### AIM OF THE TASK
Beginning with the line that holds "t \<longleftrightarrow> finite", write out the remaining lines of the material exactly, the last line included.

────────────────

(* Let $(\mathbb{H}_n)_{n\geq 2}$ be a family of $3$-uniform hypergraphs $\mathbb{H}_n=\langle V_n,E_n\rangle$ without isolated vertices such that each $\mathbb{H}_n$ is not $2$-colourable and has girth greater than $3\binom{3n}{2}$. Let $\mathcal{V}$ be an ai-semiring variety that contains $S_c(abc)$. For each $n\geq 2$ let $\mathbf{w}_n$ be a non-hyperedge term for $\mathbb{H}_n$. If $\mathcal{V}$ satisfies the identity $$\mathbf{t}_{\mathbb{H}_n}\approx \mathbf{t}_{\mathbb{H}_n}+\mathbf{w}_n$$ for every $n\geq 2$, then $\mathcal{V}$ is nonfinitely based (has no finite basis for its identities).
   Context: An ai-semiring (additively idempotent semiring) is an algebra $(S,+,\cdot)$ with $(S,+)$ a commutative idempotent semigroup, $(S,\cdot)$ a semigroup, and $(x+y)z\approx xz+yz$, $x(y+z)\approx xy+xz$. Ai-semiring terms over a countable variable set $X$ are finite sums of nonempty words in $X^+$; an identity $\mathbf{u}\approx\mathbf{v}$ is a pair of terms. A variety is finitely based if it can be defined by finitely many identities. A flat semiring is an ai-semiring whose multiplicative reduct has a zero element $\infty$ and in which $x+y=\infty$ for all distinct $x,y$. $S_c(abc)$ is the flat semiring whose elements are $\infty$ together with the nonempty subwords of $abc$ in the free commutative semigroup on $\{a,b,c\}$ (i.e. $a,b,c,ab,ac,bc,abc$); the product of two such words $\mathbf u,\mathbf v$ is $\mathbf u\mathbf v$ if $\mathbf u\mathbf v$ is again such a subword, and $\infty$ otherwise; $\infty$ is a multiplicative zero; addition is $x+x=x$, $x+y=\infty$ for $x\neq y$. A $3$-uniform hypergraph $\mathbb{H}=\langle V,E\rangle$ has a vertex set $V$ and a family $E$ of $3$-element subsets of $V$ (hyperedges). It is $2$-colourable if there is $\varphi:V\to\{0,1\}$ with $|\varphi(e)|=2$ for every $e\in E$. A cycle is a sequence $v_1,e_1,v_2,e_2,\dots,v_n,e_n$ of vertices and hyperedges without repetitions, with $v_1\in e_1\cap e_n$ and $v_{i+1}\in e_i\cap e_{i+1}$ for $1\le i<n$; its length is $n$, and the girth is the length of a shortest cycle. For a $3$-uniform hypergraph $\mathbb{H}=\langle V,E\rangle$ without isolated vertices and of girth at least $5$, the hypergraph semiring $S_{\mathbb{H}}$ is the flat semiring with pairwise distinct elements $\infty$, $\mathbf a$, $\mathbf a_v$ ($v\in V$), $\mathbf c_v$ ($v\in V$), with flat addition, $\infty$ a multiplicative zero, and commutative multiplication given by: $\mathbf a_u\mathbf a_v=\mathbf c_w$ if $\{u,v,w\}\in E$; $\mathbf a_v\mathbf c_v=\mathbf c_v\mathbf a_v=\mathbf a$; all other products equal $\infty$. (Equivalently, it is the flat semiring generated by $\{\mathbf a_v\}$ and $\infty$ subject to: commutativity; $\mathbf a_u\mathbf a_v=\infty$ unless $\{u,v\}$ lies in a hyperedge; $\mathbf a_{u_1}\mathbf a_{u_2}\mathbf a_{u_3}=\mathbf a_{v_1}\mathbf a_{v_2}\mathbf a_{v_3}=:\mathbf a$ for hyperedges $\{u_i\},\{v_i\}$; $\mathbf a_{u_1}\mathbf a_{u_2}=\mathbf a_{v_1}\mathbf a_{v_2}$ whenever $\{u_1,u_2,w\},\{v_1,v_2,w\}\in E$.) For such $\mathbb H$ take variables $\{x_v\mid v\in V\}$. A hyperedge product is a word $x_{v_1}x_{v_2}x_{v_3}$ with $\{v_1,v_2,v_3\}\in E$ (any order). $\mathbf{t}_{\mathbb H}$ denotes the sum of all hyperedge products. A non-hyperedge term for $\mathbb H$ is any ai-semiring term $\mathbf w$ in the variables $\{x_v\}$ whose value in $S_{\mathbb H}$ under the assignment $x_v\mapsto \mathbf a_v$ is not $\mathbf a$. *)

theory Defs
  imports Main
begin

text \<open>An ai-semiring term is a finite nonempty
sum of words; since + is associative, commutative and idempotent, a term is represented
by the finite nonempty set of its words (this is the free ai-semiring on X).\<close>

type_synonym aiterm = "nat list set"

definition is_term :: "aiterm \<Rightarrow> bool" where
  "is_term t \<longleftrightarrow> finite t \<and> t \<noteq> {} \<and> (\<forall>w\<in>t. w \<noteq> [])"

definition tsum :: "aiterm \<Rightarrow> aiterm \<Rightarrow> aiterm" where
  "tsum s t = s \<union> t"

────────────────

### FINISHED TASK
  "is_term t \<longleftrightarrow> finite t \<and> t \<noteq> {} \<and> (\<forall>w\<in>t. w \<noteq> [])"

definition tsum :: "aiterm \<Rightarrow> aiterm \<Rightarrow> aiterm" where
  "tsum s t = s \<union> t"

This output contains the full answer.